• **Task objective**: If a line in the material below has the string "assumes", copy it out.

• **The data**:

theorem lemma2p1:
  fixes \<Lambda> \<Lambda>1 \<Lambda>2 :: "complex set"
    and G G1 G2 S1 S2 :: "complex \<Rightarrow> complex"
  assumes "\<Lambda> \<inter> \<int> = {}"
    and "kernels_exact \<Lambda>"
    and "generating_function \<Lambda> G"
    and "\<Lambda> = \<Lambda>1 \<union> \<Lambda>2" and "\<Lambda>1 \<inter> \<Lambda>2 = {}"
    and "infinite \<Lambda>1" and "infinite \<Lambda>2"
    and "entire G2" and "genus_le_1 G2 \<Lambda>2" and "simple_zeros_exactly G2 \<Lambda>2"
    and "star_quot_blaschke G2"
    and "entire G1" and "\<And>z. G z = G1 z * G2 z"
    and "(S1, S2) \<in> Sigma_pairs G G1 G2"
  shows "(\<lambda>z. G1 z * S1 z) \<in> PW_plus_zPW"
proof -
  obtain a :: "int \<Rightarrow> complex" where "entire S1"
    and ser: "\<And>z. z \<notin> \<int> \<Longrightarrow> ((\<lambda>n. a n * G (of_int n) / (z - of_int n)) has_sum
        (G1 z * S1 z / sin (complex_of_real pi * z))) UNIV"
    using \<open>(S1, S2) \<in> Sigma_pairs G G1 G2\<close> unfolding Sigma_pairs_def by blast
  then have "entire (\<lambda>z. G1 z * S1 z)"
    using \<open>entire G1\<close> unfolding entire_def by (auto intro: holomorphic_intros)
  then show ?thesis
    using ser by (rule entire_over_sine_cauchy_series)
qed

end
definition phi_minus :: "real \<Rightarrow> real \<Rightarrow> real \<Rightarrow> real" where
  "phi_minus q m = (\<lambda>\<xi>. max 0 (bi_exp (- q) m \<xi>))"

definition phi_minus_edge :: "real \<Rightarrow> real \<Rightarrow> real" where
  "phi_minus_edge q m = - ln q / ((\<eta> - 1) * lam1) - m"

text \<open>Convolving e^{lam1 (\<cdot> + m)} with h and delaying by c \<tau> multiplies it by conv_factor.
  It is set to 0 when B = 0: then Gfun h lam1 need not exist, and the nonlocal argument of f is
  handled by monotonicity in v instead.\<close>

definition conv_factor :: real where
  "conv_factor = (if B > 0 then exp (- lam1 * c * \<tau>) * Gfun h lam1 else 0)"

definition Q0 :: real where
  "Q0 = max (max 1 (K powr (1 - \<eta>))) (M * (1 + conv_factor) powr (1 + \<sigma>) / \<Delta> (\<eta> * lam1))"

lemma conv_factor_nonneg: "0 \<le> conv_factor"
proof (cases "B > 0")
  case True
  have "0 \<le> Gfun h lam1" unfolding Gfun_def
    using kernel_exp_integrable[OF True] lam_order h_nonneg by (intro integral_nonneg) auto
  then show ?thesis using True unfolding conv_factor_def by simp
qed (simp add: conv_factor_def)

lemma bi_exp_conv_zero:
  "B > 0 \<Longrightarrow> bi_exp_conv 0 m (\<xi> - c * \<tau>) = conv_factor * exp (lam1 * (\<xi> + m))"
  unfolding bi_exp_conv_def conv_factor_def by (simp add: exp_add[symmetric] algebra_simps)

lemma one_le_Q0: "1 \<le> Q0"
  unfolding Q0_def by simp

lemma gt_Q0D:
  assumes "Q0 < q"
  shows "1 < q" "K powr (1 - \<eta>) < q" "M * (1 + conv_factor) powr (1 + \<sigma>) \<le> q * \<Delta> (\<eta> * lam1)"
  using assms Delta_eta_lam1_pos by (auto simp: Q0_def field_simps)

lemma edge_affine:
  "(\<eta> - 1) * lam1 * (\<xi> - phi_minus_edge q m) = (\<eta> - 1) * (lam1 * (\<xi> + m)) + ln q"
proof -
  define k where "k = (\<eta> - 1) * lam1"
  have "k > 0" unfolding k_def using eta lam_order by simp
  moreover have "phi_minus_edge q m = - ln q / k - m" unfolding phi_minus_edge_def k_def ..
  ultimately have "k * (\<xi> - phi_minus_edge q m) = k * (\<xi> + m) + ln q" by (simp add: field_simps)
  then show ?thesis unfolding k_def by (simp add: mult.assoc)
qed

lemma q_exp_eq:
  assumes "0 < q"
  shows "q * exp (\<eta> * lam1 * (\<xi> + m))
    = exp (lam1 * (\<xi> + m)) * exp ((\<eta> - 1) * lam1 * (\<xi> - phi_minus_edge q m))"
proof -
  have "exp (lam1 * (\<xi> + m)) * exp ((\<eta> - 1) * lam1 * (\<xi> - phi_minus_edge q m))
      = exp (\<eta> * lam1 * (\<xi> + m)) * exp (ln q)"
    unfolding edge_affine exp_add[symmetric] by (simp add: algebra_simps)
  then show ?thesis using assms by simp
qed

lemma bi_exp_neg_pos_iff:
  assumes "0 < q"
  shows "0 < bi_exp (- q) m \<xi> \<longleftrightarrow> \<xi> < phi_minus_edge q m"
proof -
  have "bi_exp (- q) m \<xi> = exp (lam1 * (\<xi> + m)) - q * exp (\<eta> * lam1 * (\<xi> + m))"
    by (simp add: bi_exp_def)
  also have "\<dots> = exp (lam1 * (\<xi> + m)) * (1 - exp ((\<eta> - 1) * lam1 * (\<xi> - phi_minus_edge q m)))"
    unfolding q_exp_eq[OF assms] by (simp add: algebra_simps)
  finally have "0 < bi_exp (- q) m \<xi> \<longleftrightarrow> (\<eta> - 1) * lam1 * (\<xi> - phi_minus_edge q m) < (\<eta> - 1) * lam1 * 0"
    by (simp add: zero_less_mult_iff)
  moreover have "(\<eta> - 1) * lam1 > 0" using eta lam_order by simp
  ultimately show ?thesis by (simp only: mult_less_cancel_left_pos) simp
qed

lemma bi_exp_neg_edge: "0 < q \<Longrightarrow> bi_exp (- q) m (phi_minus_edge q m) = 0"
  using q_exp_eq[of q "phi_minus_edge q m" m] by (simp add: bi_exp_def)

• **Expected output**:
  assumes "\<Lambda> \<inter> \<int> = {}"
  assumes "Q0 < q"
  assumes "0 < q"
  assumes "0 < q"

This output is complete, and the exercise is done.